• [What to do] Would you please transcribe, exactly as written, the lines of the entries below starting at the one that holds "text \<open>A partition" and ending at the one that holds "f \<and> \<not>", both included?
——————
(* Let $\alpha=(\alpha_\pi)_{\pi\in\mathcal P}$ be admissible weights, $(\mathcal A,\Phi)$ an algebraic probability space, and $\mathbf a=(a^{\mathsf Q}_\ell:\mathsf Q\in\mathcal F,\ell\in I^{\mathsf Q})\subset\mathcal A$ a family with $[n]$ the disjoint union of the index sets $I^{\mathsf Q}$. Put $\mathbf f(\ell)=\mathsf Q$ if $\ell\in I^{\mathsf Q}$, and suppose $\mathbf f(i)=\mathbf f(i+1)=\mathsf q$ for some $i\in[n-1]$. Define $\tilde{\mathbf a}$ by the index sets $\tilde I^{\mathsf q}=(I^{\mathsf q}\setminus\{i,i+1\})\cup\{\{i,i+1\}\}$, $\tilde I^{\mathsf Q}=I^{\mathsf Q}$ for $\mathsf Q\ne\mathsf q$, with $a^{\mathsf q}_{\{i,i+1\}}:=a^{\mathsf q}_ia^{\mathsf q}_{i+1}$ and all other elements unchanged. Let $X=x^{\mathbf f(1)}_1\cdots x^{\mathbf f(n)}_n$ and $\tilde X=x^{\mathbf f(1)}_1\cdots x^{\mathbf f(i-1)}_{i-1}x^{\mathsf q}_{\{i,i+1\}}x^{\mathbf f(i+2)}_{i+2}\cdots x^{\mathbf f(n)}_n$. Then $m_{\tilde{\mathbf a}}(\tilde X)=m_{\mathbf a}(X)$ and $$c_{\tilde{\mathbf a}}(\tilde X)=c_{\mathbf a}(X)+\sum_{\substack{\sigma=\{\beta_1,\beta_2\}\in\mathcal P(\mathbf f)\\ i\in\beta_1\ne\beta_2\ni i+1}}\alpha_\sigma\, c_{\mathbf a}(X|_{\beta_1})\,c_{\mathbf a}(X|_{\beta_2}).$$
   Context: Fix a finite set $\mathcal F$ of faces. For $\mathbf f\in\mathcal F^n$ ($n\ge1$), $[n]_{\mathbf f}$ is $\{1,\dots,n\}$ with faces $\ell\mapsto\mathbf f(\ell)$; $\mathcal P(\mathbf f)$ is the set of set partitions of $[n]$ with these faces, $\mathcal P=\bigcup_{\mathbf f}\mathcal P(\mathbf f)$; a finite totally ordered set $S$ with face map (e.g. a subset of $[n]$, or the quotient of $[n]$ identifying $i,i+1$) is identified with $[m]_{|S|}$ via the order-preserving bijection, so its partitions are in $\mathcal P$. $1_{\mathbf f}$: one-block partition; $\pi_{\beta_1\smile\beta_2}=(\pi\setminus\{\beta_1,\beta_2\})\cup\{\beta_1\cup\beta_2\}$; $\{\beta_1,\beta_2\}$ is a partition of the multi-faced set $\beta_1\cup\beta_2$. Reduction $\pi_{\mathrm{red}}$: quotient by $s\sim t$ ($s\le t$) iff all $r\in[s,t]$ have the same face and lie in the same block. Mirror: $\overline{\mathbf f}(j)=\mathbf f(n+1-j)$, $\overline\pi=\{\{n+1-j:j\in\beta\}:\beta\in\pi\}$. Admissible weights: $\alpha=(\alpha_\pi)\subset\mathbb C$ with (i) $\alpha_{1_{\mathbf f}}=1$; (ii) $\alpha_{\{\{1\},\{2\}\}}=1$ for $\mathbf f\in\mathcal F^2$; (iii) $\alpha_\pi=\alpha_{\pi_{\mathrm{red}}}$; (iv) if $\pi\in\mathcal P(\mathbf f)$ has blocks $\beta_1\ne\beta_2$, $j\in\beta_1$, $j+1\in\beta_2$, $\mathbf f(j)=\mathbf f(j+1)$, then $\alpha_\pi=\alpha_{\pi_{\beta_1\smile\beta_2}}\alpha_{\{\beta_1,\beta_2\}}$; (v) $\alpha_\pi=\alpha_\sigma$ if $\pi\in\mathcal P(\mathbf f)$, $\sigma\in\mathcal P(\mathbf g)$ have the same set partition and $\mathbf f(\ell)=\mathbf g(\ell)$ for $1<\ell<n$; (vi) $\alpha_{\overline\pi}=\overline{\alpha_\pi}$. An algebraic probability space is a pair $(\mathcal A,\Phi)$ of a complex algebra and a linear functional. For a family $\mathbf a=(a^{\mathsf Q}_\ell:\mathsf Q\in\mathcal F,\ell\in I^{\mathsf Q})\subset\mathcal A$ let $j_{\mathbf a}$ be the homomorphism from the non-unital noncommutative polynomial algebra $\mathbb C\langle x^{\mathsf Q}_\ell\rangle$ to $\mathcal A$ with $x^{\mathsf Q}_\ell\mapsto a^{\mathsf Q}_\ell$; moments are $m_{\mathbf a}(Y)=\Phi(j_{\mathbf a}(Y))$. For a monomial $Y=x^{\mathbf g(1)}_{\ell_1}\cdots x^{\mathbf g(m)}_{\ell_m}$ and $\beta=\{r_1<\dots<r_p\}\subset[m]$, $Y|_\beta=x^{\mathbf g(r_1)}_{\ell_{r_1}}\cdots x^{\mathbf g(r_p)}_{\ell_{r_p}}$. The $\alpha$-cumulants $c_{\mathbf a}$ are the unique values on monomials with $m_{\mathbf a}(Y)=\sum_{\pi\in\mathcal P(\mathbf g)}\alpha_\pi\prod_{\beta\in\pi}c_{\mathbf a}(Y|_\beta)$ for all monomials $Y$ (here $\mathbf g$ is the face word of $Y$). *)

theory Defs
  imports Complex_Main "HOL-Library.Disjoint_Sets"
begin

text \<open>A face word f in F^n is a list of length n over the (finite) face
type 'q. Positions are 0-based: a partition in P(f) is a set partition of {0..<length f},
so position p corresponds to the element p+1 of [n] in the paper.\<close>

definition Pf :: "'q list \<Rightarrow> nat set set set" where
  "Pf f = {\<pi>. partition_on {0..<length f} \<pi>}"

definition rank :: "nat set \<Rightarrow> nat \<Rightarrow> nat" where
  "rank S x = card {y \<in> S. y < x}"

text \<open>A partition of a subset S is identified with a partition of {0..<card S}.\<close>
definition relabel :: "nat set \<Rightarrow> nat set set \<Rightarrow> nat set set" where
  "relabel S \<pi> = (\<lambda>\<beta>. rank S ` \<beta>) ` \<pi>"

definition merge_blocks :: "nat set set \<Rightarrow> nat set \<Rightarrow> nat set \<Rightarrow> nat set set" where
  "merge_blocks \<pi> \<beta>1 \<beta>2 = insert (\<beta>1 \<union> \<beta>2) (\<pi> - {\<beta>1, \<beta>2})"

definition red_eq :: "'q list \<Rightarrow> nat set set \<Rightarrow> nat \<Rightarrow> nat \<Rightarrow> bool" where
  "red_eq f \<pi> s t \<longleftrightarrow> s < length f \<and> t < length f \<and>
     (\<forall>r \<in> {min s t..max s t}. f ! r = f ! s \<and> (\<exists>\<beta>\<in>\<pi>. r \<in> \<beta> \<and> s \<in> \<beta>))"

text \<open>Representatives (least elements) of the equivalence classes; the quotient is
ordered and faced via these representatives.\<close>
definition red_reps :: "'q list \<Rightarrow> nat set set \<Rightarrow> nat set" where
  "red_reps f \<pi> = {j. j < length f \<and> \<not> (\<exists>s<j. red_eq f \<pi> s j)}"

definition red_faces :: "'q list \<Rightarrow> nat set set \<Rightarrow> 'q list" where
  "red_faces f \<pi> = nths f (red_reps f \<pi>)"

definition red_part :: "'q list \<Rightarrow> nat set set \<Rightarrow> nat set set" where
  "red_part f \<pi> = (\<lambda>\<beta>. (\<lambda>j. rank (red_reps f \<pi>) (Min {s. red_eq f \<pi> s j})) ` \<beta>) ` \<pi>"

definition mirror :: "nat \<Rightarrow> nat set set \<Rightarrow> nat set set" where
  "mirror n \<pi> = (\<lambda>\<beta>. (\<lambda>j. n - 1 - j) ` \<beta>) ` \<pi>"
——————
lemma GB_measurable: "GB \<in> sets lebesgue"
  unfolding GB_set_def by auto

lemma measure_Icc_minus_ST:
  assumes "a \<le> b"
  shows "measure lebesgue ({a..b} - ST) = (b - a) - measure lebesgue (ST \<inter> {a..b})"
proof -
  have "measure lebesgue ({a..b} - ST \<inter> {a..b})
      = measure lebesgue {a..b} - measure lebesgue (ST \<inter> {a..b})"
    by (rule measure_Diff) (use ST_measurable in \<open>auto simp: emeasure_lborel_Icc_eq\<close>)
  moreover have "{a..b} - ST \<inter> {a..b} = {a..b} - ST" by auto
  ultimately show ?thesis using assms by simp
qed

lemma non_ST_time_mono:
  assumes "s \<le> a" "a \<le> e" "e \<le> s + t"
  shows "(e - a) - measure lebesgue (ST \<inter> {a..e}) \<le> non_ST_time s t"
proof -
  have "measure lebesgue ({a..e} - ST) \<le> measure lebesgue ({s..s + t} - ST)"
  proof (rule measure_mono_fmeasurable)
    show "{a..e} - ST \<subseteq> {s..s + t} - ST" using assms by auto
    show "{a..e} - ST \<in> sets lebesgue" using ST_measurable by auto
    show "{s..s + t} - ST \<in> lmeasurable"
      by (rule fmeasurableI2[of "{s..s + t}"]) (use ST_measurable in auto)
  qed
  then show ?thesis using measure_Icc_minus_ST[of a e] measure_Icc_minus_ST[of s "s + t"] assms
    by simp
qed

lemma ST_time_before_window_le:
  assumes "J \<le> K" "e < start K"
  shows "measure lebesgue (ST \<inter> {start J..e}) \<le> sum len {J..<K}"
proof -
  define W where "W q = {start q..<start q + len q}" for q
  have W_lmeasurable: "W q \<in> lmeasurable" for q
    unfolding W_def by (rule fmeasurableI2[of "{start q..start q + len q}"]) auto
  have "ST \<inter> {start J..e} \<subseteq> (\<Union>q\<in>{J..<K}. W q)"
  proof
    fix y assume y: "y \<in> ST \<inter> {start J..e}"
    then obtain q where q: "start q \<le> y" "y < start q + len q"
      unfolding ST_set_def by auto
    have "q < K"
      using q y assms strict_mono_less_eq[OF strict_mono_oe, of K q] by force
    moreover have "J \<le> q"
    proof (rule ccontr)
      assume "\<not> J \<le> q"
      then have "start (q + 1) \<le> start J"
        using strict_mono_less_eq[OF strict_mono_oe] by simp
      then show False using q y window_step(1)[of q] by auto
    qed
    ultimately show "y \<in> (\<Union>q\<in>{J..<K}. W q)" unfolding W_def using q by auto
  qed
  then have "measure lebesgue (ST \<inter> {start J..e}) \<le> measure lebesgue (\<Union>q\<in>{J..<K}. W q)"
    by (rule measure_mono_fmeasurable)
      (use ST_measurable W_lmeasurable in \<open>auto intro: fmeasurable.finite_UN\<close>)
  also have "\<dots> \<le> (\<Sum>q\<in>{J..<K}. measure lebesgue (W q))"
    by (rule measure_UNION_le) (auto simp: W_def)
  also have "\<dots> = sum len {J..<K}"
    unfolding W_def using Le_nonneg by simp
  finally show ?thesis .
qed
——————
• [Response area]
text \<open>A partition of a subset S is identified with a partition of {0..<card S}.\<close>
definition relabel :: "nat set \<Rightarrow> nat set set \<Rightarrow> nat set set" where
  "relabel S \<pi> = (\<lambda>\<beta>. rank S ` \<beta>) ` \<pi>"

definition merge_blocks :: "nat set set \<Rightarrow> nat set \<Rightarrow> nat set \<Rightarrow> nat set set" where
  "merge_blocks \<pi> \<beta>1 \<beta>2 = insert (\<beta>1 \<union> \<beta>2) (\<pi> - {\<beta>1, \<beta>2})"

definition red_eq :: "'q list \<Rightarrow> nat set set \<Rightarrow> nat \<Rightarrow> nat \<Rightarrow> bool" where
  "red_eq f \<pi> s t \<longleftrightarrow> s < length f \<and> t < length f \<and>
     (\<forall>r \<in> {min s t..max s t}. f ! r = f ! s \<and> (\<exists>\<beta>\<in>\<pi>. r \<in> \<beta> \<and> s \<in> \<beta>))"

text \<open>Representatives (least elements) of the equivalence classes; the quotient is
ordered and faced via these representatives.\<close>
definition red_reps :: "'q list \<Rightarrow> nat set set \<Rightarrow> nat set" where
  "red_reps f \<pi> = {j. j < length f \<and> \<not> (\<exists>s<j. red_eq f \<pi> s j)}"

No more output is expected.